▶ **AIM OF THE TASK**
Scan the entries for the word "rule". Every line that has it should be copied.

Data records
———
(* Let $k,m,n,l$ be positive integers with $nl+ml\le k$ and let $q$ be a prime power. Let $\mathbb{L}$ be the set of $l$-dimensional subspaces of $\mathbb{F}_q^k$ and define $\mathbb{X}=\{\{L_1,\dots,L_n\}\subseteq\mathbb{L}: \dim(L_1+\cdots+L_n)=nl\}$, $\mathbb{Y}=\{\{L_1,\dots,L_m\}\subseteq\mathbb{L}: \dim(L_1+\cdots+L_m)=ml\}$, $\mathbb{Z}=\{\{L_1,\dots,L_{n+m}\}\subseteq\mathbb{L}: \dim(L_1+\cdots+L_{n+m})=(n+m)l\}$. Let $B$ be the bipartite graph with left (user) vertex set $\mathbb{X}$, right (subfile) vertex set $\mathbb{Y}$, and $X$ adjacent to $Y$ iff $X\cup Y\in\mathbb{Z}$. Put $P=\prod_{i=0}^{l-1}\binom{l-i}{1}_q$. Then $B$ is a $(K,F,D)$ bipartite caching graph with $$K=\frac{(l!)^n q^{\frac{n(n-1)l^2}{2}}}{(nl)!\,n!}\cdot\frac{\prod_{i=0}^{nl-1}\binom{k-i}{1}_q}{P^n}\prod_{i=0}^{n-1}\binom{(n-i)l}{l},\qquad F=\frac{(l!)^m q^{\frac{m(m-1)l^2}{2}}}{(ml)!\,m!}\cdot\frac{\prod_{i=0}^{ml-1}\binom{k-i}{1}_q}{P^m}\prod_{i=0}^{m-1}\binom{(m-i)l}{l},$$ admitting an induced matching cover with $$S=\frac{(l!)^{n+m}q^{\frac{(n+m)(n+m-1)l^2}{2}}}{((n+m)l)!\,(n+m)!}\cdot\frac{\prod_{i=0}^{(n+m)l-1}\binom{k-i}{1}_q}{P^{n+m}}\prod_{i=0}^{n+m-1}\binom{(n+m-i)l}{l}$$ induced matchings, each having $g=\binom{n+m}{n}$ edges; it defines a coded caching scheme (for $N\ge K$ files) with $K$ users, subpacketization $F$, $$\frac{M}{N}=1-q^{mnl^2}\prod_{i=0}^{ml-1}\frac{\binom{k-nl-i}{1}_q}{\binom{k-i}{1}_q},$$ rate $R=S/F$ and global caching gain $\gamma=g$.
   Context: $\binom{a}{1}_q=\frac{q^a-1}{q-1}$; other binomial coefficients $\binom{a}{b}$ are ordinary. Coded caching setup: a server holds $N$ files and is connected by an error-free broadcast link to $K$ users, each with a cache able to store $M$ files; assumed $N\ge K$. Each file is split into $F$ equal-size subfiles indexed by $\mathcal{F}$. Caching is symmetric: each user caches, for each index $f$, the $f$-th subfile of either all files or none. In the delivery phase each user demands one file and the server broadcasts subfile-size transmissions allowing every user to recover its demand, for every demand vector. Rate $R=(\text{number of transmissions})/F$; global caching gain $\gamma=K(1-M/N)/R$. A $(K,F,D)$ bipartite caching graph is a bipartite graph with $K$ left (user) vertices and $F$ right (subfile) vertices, every left vertex of degree $D$; it defines the symmetric caching scheme in which user $k$ does not cache subfile index $f$ exactly when $\{k,f\}$ is an edge (so $M/N=1-D/F$). An induced matching of $B$ is a set $\mathcal{C}\subseteq E(B)$ such that for any two distinct $\{k_1,f_1\},\{k_2,f_2\}\in\mathcal{C}$: $k_1\ne k_2$, $f_1\ne f_2$, $\{k_1,f_2\},\{k_2,f_1\}\notin E(B)$. An induced matching cover is a set of induced matchings partitioning $E(B)$. *)

theory Defs
  imports "HOL-Analysis.Analysis" "HOL-Library.Disjoint_Sets"
begin

definition qint :: "nat \<Rightarrow> nat \<Rightarrow> real" where
  "qint q a = (real q ^ a - 1) / (real q - 1)"

definition bip_edges :: "'u set \<Rightarrow> 'w set \<Rightarrow> ('u \<Rightarrow> 'w \<Rightarrow> bool) \<Rightarrow> ('u \<times> 'w) set" where
  "bip_edges U W E = {(x, y). x \<in> U \<and> y \<in> W \<and> E x y}"

definition bipartite_caching_graph ::
  "'u set \<Rightarrow> 'w set \<Rightarrow> ('u \<Rightarrow> 'w \<Rightarrow> bool) \<Rightarrow> nat \<Rightarrow> nat \<Rightarrow> nat \<Rightarrow> bool" where
  "bipartite_caching_graph U W E K F D \<longleftrightarrow>
     finite U \<and> finite W \<and> card U = K \<and> card W = F \<and>
     (\<forall>x\<in>U. card {y\<in>W. E x y} = D)"

definition induced_matching ::
  "'u set \<Rightarrow> 'w set \<Rightarrow> ('u \<Rightarrow> 'w \<Rightarrow> bool) \<Rightarrow> ('u \<times> 'w) set \<Rightarrow> bool" where
  "induced_matching U W E C \<longleftrightarrow> C \<subseteq> bip_edges U W E \<and>
     (\<forall>(x1, y1)\<in>C. \<forall>(x2, y2)\<in>C. (x1, y1) \<noteq> (x2, y2) \<longrightarrow>
        x1 \<noteq> x2 \<and> y1 \<noteq> y2 \<and> \<not> E x1 y2 \<and> \<not> E x2 y1)"

definition induced_matching_cover ::
  "'u set \<Rightarrow> 'w set \<Rightarrow> ('u \<Rightarrow> 'w \<Rightarrow> bool) \<Rightarrow> ('u \<times> 'w) set set \<Rightarrow> bool" where
  "induced_matching_cover U W E \<C> \<longleftrightarrow>
     (\<forall>C\<in>\<C>. induced_matching U W E C) \<and> partition_on (bip_edges U W E) \<C>"

text \<open>l-dimensional subspaces of F_q^k (k = CARD('n)).\<close>
definition subspaces_dim :: "nat \<Rightarrow> ('a::field ^ 'n) set set" where
  "subspaces_dim l = {L. vec.subspace L \<and> vec.dim L = l}"

text \<open>Sets of t distinct l-dim subspaces whose sum has dimension t*l.
  The sum L_1 + ... + L_t is the span of their union.\<close>
definition indep_family :: "nat \<Rightarrow> nat \<Rightarrow> ('a::field ^ 'n) set set set" where
  "indep_family l t = {X. X \<subseteq> subspaces_dim l \<and> card X = t \<and>
                          vec.dim (vec.span (\<Union>X)) = t * l}"

definition cnt :: "nat \<Rightarrow> nat \<Rightarrow> nat \<Rightarrow> nat \<Rightarrow> real" where
  "cnt q k l t =
     (fact l) ^ t * real q ^ (t * (t - 1) * l\<^sup>2 div 2) / (fact (t * l) * fact t)
     * ((\<Prod>i<t * l. qint q (k - i)) / (\<Prod>i<l. qint q (l - i)) ^ t)
     * (\<Prod>i<t. real ((t - i) * l choose l))"

end

theory Submission
  imports Defs "HOL-Combinatorics.Multiset_Permutations"
begin

(* Over a field with q elements, r vectors extend a d-dimensional span independently inside
   F_q^k in prod_{i<r} (q^k - q^(d+i)) ways. Choosing the l-dimensional subspaces of a family
   one at a time, each independent of W and of the previous ones, and then forgetting the order
   of the subspaces and of their bases, the t-families of l-subspaces that are independent
   together with W number prod_{i<tl} (q^k - q^(dim W + i)) / (t! |GL_l(F_q)|^t).
   For W = 0 this gives K, F and S; for W the sum of a user vertex X it gives the degree D,
   which therefore does not depend on X, and its ratio to F is the cache fraction 1 - M/N.
   For an independent (n+m)-family Z the splittings (X, Z - X) with |X| = n form an induced
   matching, because the union of X1 and Z - X2 is a proper subfamily of Z unless X1 = X2;
   every edge (X, Y) is a splitting of the union of X and Y. Counting the edges by users and by matchings then gives
   K D = S binom(n+m, n), i.e. the global caching gain is binom(n+m, n). *)

section \<open>Counting independent families of subspaces\<close>

lemma two_le_card_field: "2 \<le> CARD('a::{finite,field})"
proof -
  have "card {0::'a, 1} \<le> CARD('a)" by (rule card_mono) simp_all
  then show ?thesis by simp
qed

lemma card_span_independent:
  fixes B :: "('a::{finite,field}^'n) set"
  assumes "vec.independent B"
  shows "card (vec.span B) = CARD('a) ^ card B"
  using vec.finiteI_independent[OF assms] assms
proof (induction B rule: finite_induct)
  case empty
  then show ?case by simp
next
  case (insert b B)
  have indB: "vec.independent B" using insert.prems vec.independent_mono by blast
  have b: "b \<notin> vec.span B" using insert.prems insert.hyps(2) by (simp add: vec.independent_insert)
  let ?f = "\<lambda>(c, x). c *s b + x"
  have image: "vec.span (insert b B) = ?f ` (UNIV \<times> vec.span B)"
  proof (rule set_eqI)
    fix y
    show "y \<in> vec.span (insert b B) \<longleftrightarrow> y \<in> ?f ` (UNIV \<times> vec.span B)"
      unfolding vec.span_breakdown_eq
    proof
      assume "\<exists>c. y - c *s b \<in> vec.span B"
      then obtain c where "y - c *s b \<in> vec.span B" by blast
      then show "y \<in> ?f ` (UNIV \<times> vec.span B)"
        by (intro image_eqI[where x = "(c, y - c *s b)"]) auto
    next
      assume "y \<in> ?f ` (UNIV \<times> vec.span B)"
      then obtain c x where "x \<in> vec.span B" "y = c *s b + x" by auto
      then show "\<exists>c. y - c *s b \<in> vec.span B" by (intro exI[of _ c]) auto
    qed
  qed
  have "inj_on ?f (UNIV \<times> vec.span B)"
  proof (rule inj_onI, clarify)
    fix c1 x1 c2 x2
    assume x: "x1 \<in> vec.span B" "x2 \<in> vec.span B" and eq: "c1 *s b + x1 = c2 *s b + x2"
    show "c1 = c2 \<and> x1 = x2"
    proof (cases "c1 = c2")
      case True
      then show ?thesis using eq by simp
    next
      case False
      have "(c1 - c2) *s b = x2 - x1" using eq by (simp add: vector_sub_rdistrib algebra_simps)
      then have "(c1 - c2) *s b \<in> vec.span B" using x vec.span_diff by metis
      then have "inverse (c1 - c2) *s ((c1 - c2) *s b) \<in> vec.span B" by (rule vec.span_scale)
      moreover have "inverse (c1 - c2) * (c1 - c2) = 1" using False by simp
      then have "inverse (c1 - c2) *s ((c1 - c2) *s b) = b"
        by (simp only: vector_smult_assoc vector_smult_lid)
      ultimately show ?thesis using b by simp
    qed
  qed
  then have "card (vec.span (insert b B)) = CARD('a) * card (vec.span B)"
    unfolding image by (simp add: card_image card_cartesian_product)
  then show ?case using insert.IH[OF indB] insert.hyps by simp
qed

lemma card_span:
  fixes S :: "('a::{finite,field}^'n) set"
  shows "card (vec.span S) = CARD('a) ^ vec.dim S"
proof -
  obtain B where B: "B \<subseteq> S" "vec.independent B" "S \<subseteq> vec.span B" "card B = vec.dim S"
    using vec.basis_exists by blast
  then have "vec.span B = vec.span S"
    by (metis vec.span_mono vec.span_span subset_antisym)
  then show ?thesis using card_span_independent[OF B(2)] B(4) by simp
qed

lemma card_subspace:
  fixes U :: "('a::{finite,field}^'n) set"
  assumes "vec.subspace U"
  shows "card U = CARD('a) ^ vec.dim U"
  by (metis assms card_span vec.span_eq_iff)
———
▶ **EXERCISE RESULT**
  have "card {0::'a, 1} \<le> CARD('a)" by (rule card_mono) simp_all
proof (induction B rule: finite_induct)
  proof (rule set_eqI)
  proof (rule inj_onI, clarify)
      then have "inverse (c1 - c2) *s ((c1 - c2) *s b) \<in> vec.span B" by (rule vec.span_scale)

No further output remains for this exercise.